New art exhibit in Bridgeport feature works from inmates serving life sentences

CHICAGO (CBS) — Artists will have their works showcased in a new exhibit in Bridgeport. Those behind the works are inmates who are serving life sentences. 

The art collectively tells a story about humanity in the face of incarceration.

Guests who attend the exhibit will be greeted with a purposeful beginning to a discussion about the people who have been sentenced to a lifetime of incarceration.

Alice Kim, who curated the space, is a prison educator and director of the University of Chicago's Center for the study of Race, Politics, and Culture. The exhibition is called "More Beautiful, More Terrible: Humans of Life Row."

She says the idea of the exhibit is to shine a light on those who have disappeared from their communities and neighborhoods.

"You see their stories throughout this exhibition; some of the artworks were created by artists on the outside, and some were created by people who are incarcerated themselves," Kim said.

"Based on a quote by James Baldwin, and the idea is that we who were incarcerated or formerly incarcerated wanted to show everyone our humanity," said Jimmy Soto, artist.

Kim aggregated her students' words, paintings, and mixed media art from the men's prison in Statesville to the Logan Correctional Center for female and trans inmates. It also features works of those who survived life row, including Soto, who was exonerated of a wrongful conviction last year after spending 42 years in prison.

"There is this constant depiction that people who go into prison that they are dehumanized, so the idea is to showcase that we are still human beings," he said.

Fellow artist Renaldo Hudson shared the same idea.

"When our art is able to excel beyond the wall, into a space where people begin to see us as human because it's called the "Humans of Life Row," not the convicts and the inmates that make it easy to throw us away," he said.

Around the corner from Soto's art, Hudson's piece hangs bright and peaceful, creating imagery to a poem written by one of the female inmates at Logan.

After 37 years in prison, 13 of which were spent on death row, Hudson's been advocating for those serving life sentences since his clemency approval and subsequent release in 2020.

"These spaces are vitally important because it says our humanity won't be lost behind a prison wall, and people care to hear our voices.
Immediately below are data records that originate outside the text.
definition gen_lte_solvable ::
  "('m \<Rightarrow> real^'n) \<Rightarrow> ('m \<Rightarrow> real) \<Rightarrow> real^'n \<Rightarrow> ('m \<Rightarrow> complex) \<Rightarrow> bool" where
  "gen_lte_solvable v lam u c \<longleftrightarrow>
     (\<exists>e lev a y. adapted_basis v lam u e lev a \<and> lte_solution v lam u c lev a y)"

definition lte_solvable :: "('m \<Rightarrow> real^'n) \<Rightarrow> ('m \<Rightarrow> real) \<Rightarrow> real^'n \<Rightarrow> bool" where
  "lte_solvable v lam u \<longleftrightarrow> gen_lte_solvable v lam u (\<lambda>_. 1)"

definition strongly_bulk_balanced :: "('m \<Rightarrow> real^'n) \<Rightarrow> ('m \<Rightarrow> real) \<Rightarrow> real^'n \<Rightarrow> bool" where
  "strongly_bulk_balanced v lam u \<longleftrightarrow>
     (\<exists>c. (\<forall>j. c j \<noteq> 0) \<and> gen_lte_solvable v lam u c)"

definition normal_fan :: "('m \<Rightarrow> real^'n) \<Rightarrow> ('m \<Rightarrow> real) \<Rightarrow> (real^'n) set set" where
  "normal_fan v lam = {cone hull (v ` active v lam x) | x. x \<in> halfspace_poly v lam}"

definition hausdist :: "('a::metric_space) set \<Rightarrow> 'a set \<Rightarrow> real" where
  "hausdist A B = max (SUP a\<in>A. infdist a B) (SUP b\<in>B. infdist b A)"

text \<open>Any polytope with the same normal fan as P has the same primitive
  normals v, so it is halfspace_poly v lam' for some lam'.  The symplectic form
  omega' is determined by lam'; omega' -> omega is rendered as lam' -> lam.\<close>
definition bulk_balanced :: "('m \<Rightarrow> real^'n) \<Rightarrow> ('m \<Rightarrow> real) \<Rightarrow> real^'n \<Rightarrow> bool" where
  "bulk_balanced v lam u \<longleftrightarrow>
     (\<exists>(lams :: nat \<Rightarrow> 'm \<Rightarrow> real) (us :: nat \<Rightarrow> real^'n).
        (\<forall>i. normal_fan v (lams i) = normal_fan v lam) \<and>
        (\<forall>j. (\<lambda>i. lams i j) \<longlonglongrightarrow> lam j) \<and>
        (\<lambda>i. hausdist (halfspace_poly v (lams i)) (halfspace_poly v lam)) \<longlonglongrightarrow> 0 \<and>
        (\<forall>i. us i \<in> interior (halfspace_poly v (lams i))) \<and>
        us \<longlonglongrightarrow> u \<and>
        (\<forall>i. lte_solvable v (lams i) (us i)))"

end

theory Submission
  imports Defs
begin

text \<open>Strict inequalities between the values \<open>\<ell>\<^sub>j\<close> are open conditions, so for an
  approximating pair \<open>(\<lambda>', u')\<close> close enough to \<open>(\<lambda>, u)\<close> the partition of the facets
  by the values \<open>\<ell>\<^sub>j(u')\<close> refines the one by the values \<open>\<ell>\<^sub>j(u)\<close>. An adapted basis at
  \<open>u'\<close> stays adapted at \<open>u\<close> once each basis vector is given the coarse level containing
  its fine level. A solution \<open>y\<close> of the leading term equation at \<open>u'\<close> yields, for every
  facet \<open>j0\<close>, coefficients \<open>c\<close> supported on the coarse level of \<open>j0\<close> that solve the
  generalized equation at \<open>u\<close> with \<open>y = 1\<close> and \<open>c j0 \<noteq> 0\<close>: take \<open>c j = y^(v j)\<close> on the
  fine level of \<open>j0\<close> and cancel the resulting error, which only involves basis vectors
  of lower fine levels, by a combination of the normals of those levels. These \<open>c\<close> form
  a linear space, so a generic one has no zero coordinate.\<close>

lemma span_image_eq_sum:
  fixes f :: "'j \<Rightarrow> 'a::real_vector"
  assumes "finite S" "x \<in> span (f ` S)"
  shows "\<exists>g. x = (\<Sum>j\<in>S. g j *\<^sub>R f j)"
proof -
  let ?C = "range (\<lambda>g. \<Sum>j\<in>S. g j *\<^sub>R f j)"
  have "subspace ?C"
    unfolding subspace_def
  proof safe
    show "0 \<in> ?C" by (rule range_eqI[of _ _ "\<lambda>_. 0"]) simp
    fix g h show "(\<Sum>j\<in>S. g j *\<^sub>R f j) + (\<Sum>j\<in>S. h j *\<^sub>R f j) \<in> ?C"
      by (rule range_eqI[of _ _ "\<lambda>j. g j + h j"]) (simp add: scaleR_add_left sum.distrib)
  next
    fix c :: real and g show "c *\<^sub>R (\<Sum>j\<in>S. g j *\<^sub>R f j) \<in> ?C"
      by (rule range_eqI[of _ _ "\<lambda>j. c * g j"]) (simp add: scaleR_sum_right)
  qed
  moreover have "f ` S \<subseteq> ?C"
  proof
    fix x assume "x \<in> f ` S"
    then obtain i where "i \<in> S" "x = f i" by blast
    then show "x \<in> ?C"
      using assms(1) by (intro range_eqI[of _ _ "\<lambda>j. if j = i then 1 else 0"]) (simp add: if_distrib[of "\<lambda>r. r *\<^sub>R _"] cong: if_cong)
  qed
  ultimately show ?thesis using span_minimal assms(2) by blast
qed

lemma independent_range_coeffs_unique:
  fixes e :: "'k::finite \<Rightarrow> 'a::real_vector"
  assumes "inj e" "independent (range e)"
    and "(\<Sum>k\<in>UNIV. f k *\<^sub>R e k) = (\<Sum>k\<in>UNIV. g k *\<^sub>R e k)"
  shows "f = g"
proof -
  have "(\<Sum>x\<in>range e. (f (inv e x) - g (inv e x)) *\<^sub>R x) = (\<Sum>k\<in>UNIV. (f k - g k) *\<^sub>R e k)"
    using assms(1) by (simp add: sum.reindex)
  also have "\<dots> = 0" using assms(3) by (simp add: scaleR_diff_left sum_subtractf)
  finally have combination_0: "(\<Sum>x\<in>range e. (f (inv e x) - g (inv e x)) *\<^sub>R x) = 0" .
  have "\<forall>c. (\<Sum>x\<in>range e. c x *\<^sub>R x) = 0 \<longrightarrow> (\<forall>x\<in>range e. c x = 0)"
    using assms(2) finite unfolding independent_explicit_finite_subsets by blast
  from this[rule_format, OF combination_0]
  have "\<forall>x\<in>range e. f (inv e x) - g (inv e x) = 0" by blast
  then show ?thesis using assms(1) by (auto simp: fun_eq_iff)
qed

lemma adapted_basis_coeff_eq_0:
  fixes v :: "'m::finite \<Rightarrow> real^'n::finite"
  assumes ab: "adapted_basis v lam u e lev a" and lt: "ell v lam j u < lev k"
  shows "a j k = 0"
proof -
  from ab have inj: "inj e" and ind: "independent (range e)"
    and spn: "\<And>t. span (e ` {k. lev k \<le> t}) = span (v ` {j. ell v lam j u \<le> t})"
    and vexp: "v j = (\<Sum>k\<in>UNIV. of_int (a j k) *\<^sub>R e k)"
    unfolding adapted_basis_def by auto
  have "v j \<in> span (e ` {k. lev k \<le> ell v lam j u})"
    unfolding spn by (rule span_base) blast
  then obtain g where "v j = (\<Sum>k\<in>{k. lev k \<le> ell v lam j u}. g k *\<^sub>R e k)"
    using span_image_eq_sum[OF finite] by metis
  then have "(\<Sum>k\<in>UNIV. of_int (a j k) *\<^sub>R e k) =
      (\<Sum>k\<in>UNIV. (if lev k \<le> ell v lam j u then g k else 0) *\<^sub>R e k)"
    using vexp by (simp add: if_distrib[of "\<lambda>r. r *\<^sub>R _"] sum.inter_filter[symmetric] cong: if_cong)
  then have "(\<lambda>k. real_of_int (a j k)) = (\<lambda>k. if lev k \<le> ell v lam j u then g k else 0)"
    by (rule independent_range_coeffs_unique[OF inj ind])
  then have "real_of_int (a j k) = (if lev k \<le> ell v lam j u then g k else 0)"
    by (simp add: fun_eq_iff)
  then show ?thesis using lt by simp
qed

lemma adapted_basis_dual_combination:
  fixes v :: "'m::finite \<Rightarrow> real^'n::finite"
  assumes ab: "adapted_basis v lam u e lev a"
  shows "\<exists>\<gamma>::'m \<Rightarrow> real. (\<forall>j. lev k < ell v lam j u \<longrightarrow> \<gamma> j = 0) \<and>
    (\<forall>k'. (\<Sum>j\<in>UNIV. \<gamma> j * of_int (a j k')) = (if k' = k then 1 else 0))"
proof -
  from ab have inj: "inj e" and ind: "independent (range e)"
    and spn: "\<And>t. span (e ` {k. lev k \<le> t}) = span (v ` {j. ell v lam j u \<le> t})"
    and vexp: "\<And>j. v j = (\<Sum>k\<in>UNIV. of_int (a j k) *\<^sub>R e k)"
    unfolding adapted_basis_def by auto
  have "e k \<in> span (v ` {j. ell v lam j u \<le> lev k})"
    unfolding spn[symmetric] by (rule span_base) blast
  then obtain g where "e k = (\<Sum>j\<in>{j. ell v lam j u \<le> lev k}. g j *\<^sub>R v j)"
    using span_image_eq_sum[OF finite] by metis
  define \<gamma> where "\<gamma> j = (if ell v lam j u \<le> lev k then g j else 0)" for j
  have "(\<Sum>k'\<in>UNIV. (if k' = k then 1 else 0) *\<^sub>R e k') = e k"
    by (simp add: if_distrib[of "\<lambda>r. r *\<^sub>R _"] cong: if_cong)
  also have "e k = (\<Sum>j\<in>UNIV. \<gamma> j *\<^sub>R v j)"
    using \<open>e k = _\<close> unfolding \<gamma>_def
    by (simp add: if_distrib[of "\<lambda>r. r *\<^sub>R _"] sum.inter_filter[symmetric] cong: if_cong)
  also have "\<dots> = (\<Sum>k'\<in>UNIV. (\<Sum>j\<in>UNIV. \<gamma> j * of_int (a j k')) *\<^sub>R e k')"
    by (simp add: vexp scaleR_sum_right scaleR_sum_left) (rule sum.swap)
  finally have "(\<lambda>k'. if k' = k then 1 else 0) = (\<lambda>k'. \<Sum>j\<in>UNIV. \<gamma> j * of_int (a j k'))"
    by (rule independent_range_coeffs_unique[OF inj ind])
  then show ?thesis
    by (intro exI[of _ \<gamma>]) (auto simp: \<gamma>_def fun_eq_iff)
qed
And I believe that," Hudson said.

Illinois eliminated the death penalty in 2011, making way for a different death by incarceration — natural life sentencing, or referred to as life row.  

The "More Beautiful, More Terrible" exhibition is co-sponsored by the prison neighborhood arts/education project and the Center for the Study of Race, Politics, and Culture's Beyond Prisons initiative.

The space is open Saturday from noon to 5 p.m. and by appointment at the Co-Prosperity space in Bridgeport.